I have the app then stop its audio unit and de-activate its audio session. Then, on the end interruption callback, the app re-activates the audio session and restarts the audio unit without problems (the app is recording audio properly afterwards).
I built a brand new audio streaming (AVPlayer) application atop iOS 6.0.x and found the same problem.
Delegates are now deprecated and we have to use notifications, that's great, however here's my findings:
During an incoming phone call I get only AVAudioSessionInterruptionTypeEnded in my handler, along with AVAudioSessionInterruptionOptionShouldResume. Audio session gets suspended automatically (audio fades) and I just need to resume playback of AVPlayer.

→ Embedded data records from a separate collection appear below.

lemma G_inj_below_crit: "0 < x \<Longrightarrow> 0 < y \<Longrightarrow> x \<le> crit \<Longrightarrow> y \<le> crit \<Longrightarrow> G x = G y \<Longrightarrow> x = y"
  by (metis G_strict_antimono less_irrefl linorder_cases)

lemma G_inj_above_crit: "crit \<le> x \<Longrightarrow> crit \<le> y \<Longrightarrow> G x = G y \<Longrightarrow> x = y"
  by (metis G_strict_mono less_irrefl linorder_cases)

lemma G_pos_near_0:
  assumes "q > 0"
  obtains p where "0 < p" "p \<le> q" "G p > 0"
proof
  define M where "M = b / c + 1"
  have M: "M > 0" unfolding M_def using b_pos c_pos by (simp add: add_pos_pos)
  define p where "p = min q (M powr (1 / l))"
  show "0 < p" "p \<le> q" using assms M by (auto simp: p_def)
  have "M = (M powr (1 / l)) powr l" using M l_neg by (simp add: powr_powr)
  also have "\<dots> \<le> p powr l"
    using powr_mono2'[of l p "M powr (1 / l)"] l_neg \<open>0 < p\<close> by (simp add: p_def)
  finally have "c * M \<le> c * p powr l" using c_pos by simp
  moreover have "c * M = b + c" using c_pos by (simp add: M_def field_simps)
  moreover have "d * p > 0" using d_pos \<open>0 < p\<close> by simp
  ultimately show "G p > 0" using c_pos by (simp add: G_def)
qed

lemma G_pos_at_top:
  obtains p where "q < p" "G p > 0"
proof
  define p where "p = max q (b / d) + 1"
  show "q < p" by (simp add: p_def)
  have "b < d * p" using d_pos by (simp add: p_def field_simps max_def)
  moreover have "c * p powr l \<ge> 0" using c_pos by simp
  ultimately show "G p > 0" by (simp add: G_def)
qed

theorem two_zeros:
  assumes "q > 0" "G q \<le> 0" "G' q < 0"
  shows "\<exists>p1 p2. 0 < p1 \<and> p1 < p2 \<and> {p. 0 < p \<and> G p = 0} = {p1, p2} \<and> p1 \<le> q \<and> q < p2"
proof -
  have "q < crit"
  proof (rule ccontr)
    assume "\<not> q < crit"
    then have "G' crit \<le> G' q" using G'_strict_mono[of crit q] crit_pos by fastforce
    then show False using G'_crit assms(3) by simp
  qed
  then have G_crit: "G crit < 0" using G_strict_antimono assms by fastforce
  obtain q0 where q0: "0 < q0" "q0 \<le> q" "G q0 > 0" using G_pos_near_0 assms(1) .
  obtain p1 where p1: "q0 \<le> p1" "p1 \<le> q" "G p1 = 0"
    using IVT2'[of G q 0 q0, OF assms(2) _ q0(2) continuous_on_G[OF q0(1)]] q0 by auto
  obtain q' where q': "crit < q'" "G q' > 0" using G_pos_at_top .
  obtain p2 where p2: "crit \<le> p2" "p2 \<le> q'" "G p2 = 0"
    using IVT'[of G crit 0 q', OF _ _ _ continuous_on_G[OF crit_pos]] G_crit q' by auto
  have "crit < p2" using p2 G_crit by (cases "p2 = crit") auto
  have zeros: "{p. 0 < p \<and> G p = 0} = {p1, p2}"
  proof (intro set_eqI iffI)
    fix p assume p: "p \<in> {p. 0 < p \<and> G p = 0}"
    show "p \<in> {p1, p2}"
    proof (cases "p \<le> crit")
      case True
      then have "p = p1" using G_inj_below_crit[of p p1] p p1 q0 \<open>q < crit\<close> by simp
      then show ?thesis by simp
    next
      case False
      then have "p = p2" using G_inj_above_crit[of p p2] p p2 by simp
      then show ?thesis by simp
    qed
  next
    fix p assume "p \<in> {p1, p2}"
    then show "p \<in> {p. 0 < p \<and> G p = 0}" using p1 p2 q0 \<open>crit < p2\<close> crit_pos by auto
  qed
  have "0 < p1" "p1 < p2" "q < p2" using p1 q0 \<open>q < crit\<close> \<open>crit < p2\<close> by linarith+
  with zeros p1 show ?thesis by blast
qed

end

lemma characteristic_roots_sign:
  fixes \<mu> s r l1 l2 :: real
  assumes "s > 0" "r > 0" "\<mu> < r" "l1 < l2"
    and "r - \<mu> * l1 - s * l1 * (l1 - 1) = 0" "r - \<mu> * l2 - s * l2 * (l2 - 1) = 0"
  shows "l1 < 0" "1 < l2"
proof -
  have "(l1 - l2) * (\<mu> + s * (l1 + l2 - 1)) = 0"
    using assms(5,6) by (simp add: algebra_simps)
  then have \<mu>: "\<mu> = - s * (l1 + l2 - 1)" using assms(4) by simp
  have "r = - s * (l1 * l2)" using assms(5) unfolding \<mu> by (simp add: algebra_simps)
  then have "l1 * l2 < 0"
    using assms(1,2) mult_nonneg_nonneg[of s "l1 * l2"] by fastforce
  then show "l1 < 0" using assms(4) by (auto simp: mult_less_0_iff)
  have "r - \<mu> = - s * ((1 - l1) * (1 - l2))"
    using \<open>r = _\<close> \<mu> by (simp add: algebra_simps)
  then have "(1 - l1) * (1 - l2) < 0"
    using assms(1,3) mult_nonneg_nonneg[of s "(1 - l1) * (1 - l2)"] by fastforce
  with \<open>l1 < 0\<close> show "1 < l2" by (auto simp: mult_less_0_iff)
qed

lemma p_O_pos:
  assumes "lam1 < 0" "\<mu> < r" "K_O < C / r"
  shows "p_O \<mu> r C K_O \<delta> lam1 > 0"
proof -
  have "lam1 / (lam1 - 1) > 0" using assms(1) by (simp add: divide_neg_neg)
  then show ?thesis
    unfolding p_O_def using assms(2,3) by (intro mult_pos_pos) auto
qed

lemma A_coef_pos:
  assumes "lam1 < 0" "\<mu> < r" "K_O < C / r"
  shows "A_coef \<mu> r C K_O \<delta> lam1 > 0"
proof -
  have "lam1 * (\<mu> - r) > 0" using assms(1,2) by (simp add: mult_neg_neg)
  then show ?thesis
    using p_O_pos[OF assms, of \<delta>] by (simp add: A_coef_def)
qed

lemma lam1_A_coef_p_O_powr:
  assumes "p_O \<mu> r C K_O \<delta> lam1 > 0" "lam1 \<noteq> 0" "\<mu> \<noteq> r"
  shows "lam1 * A_coef \<mu> r C K_O \<delta> lam1 * p_O \<mu> r C K_O \<delta> lam1 powr (lam1 - 1)
           = - exp ((\<mu> - r) * \<delta>) / (r - \<mu>)"
proof -
  have "p_O \<mu> r C K_O \<delta> lam1 powr (1 - lam1) * p_O \<mu> r C K_O \<delta> lam1 powr (lam1 - 1) = 1"
    using assms(1) by (simp add: powr_add[symmetric])
  then show ?thesis using assms(2,3) by (simp add: A_coef_def field_simps)
qed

However when attempting to launch a game, such as CSR Racing, I oddly get the dreaded AVAudioSessionInterruptionTypeBegan but no sign when my application can resume playback, not even killing the game.
Now, this may depend on other factors, such as my audio category (in my case AVAudioSessionCategoryPlayback) and the mixing settings of both applications (kAudioSessionProperty_OverrideCategoryMixWithOthers), I'm not sure, but definitely I see something out of place.
Hopefully others reported that on 6.1beta this is fixed and I yet have to upgrade, so we'll see.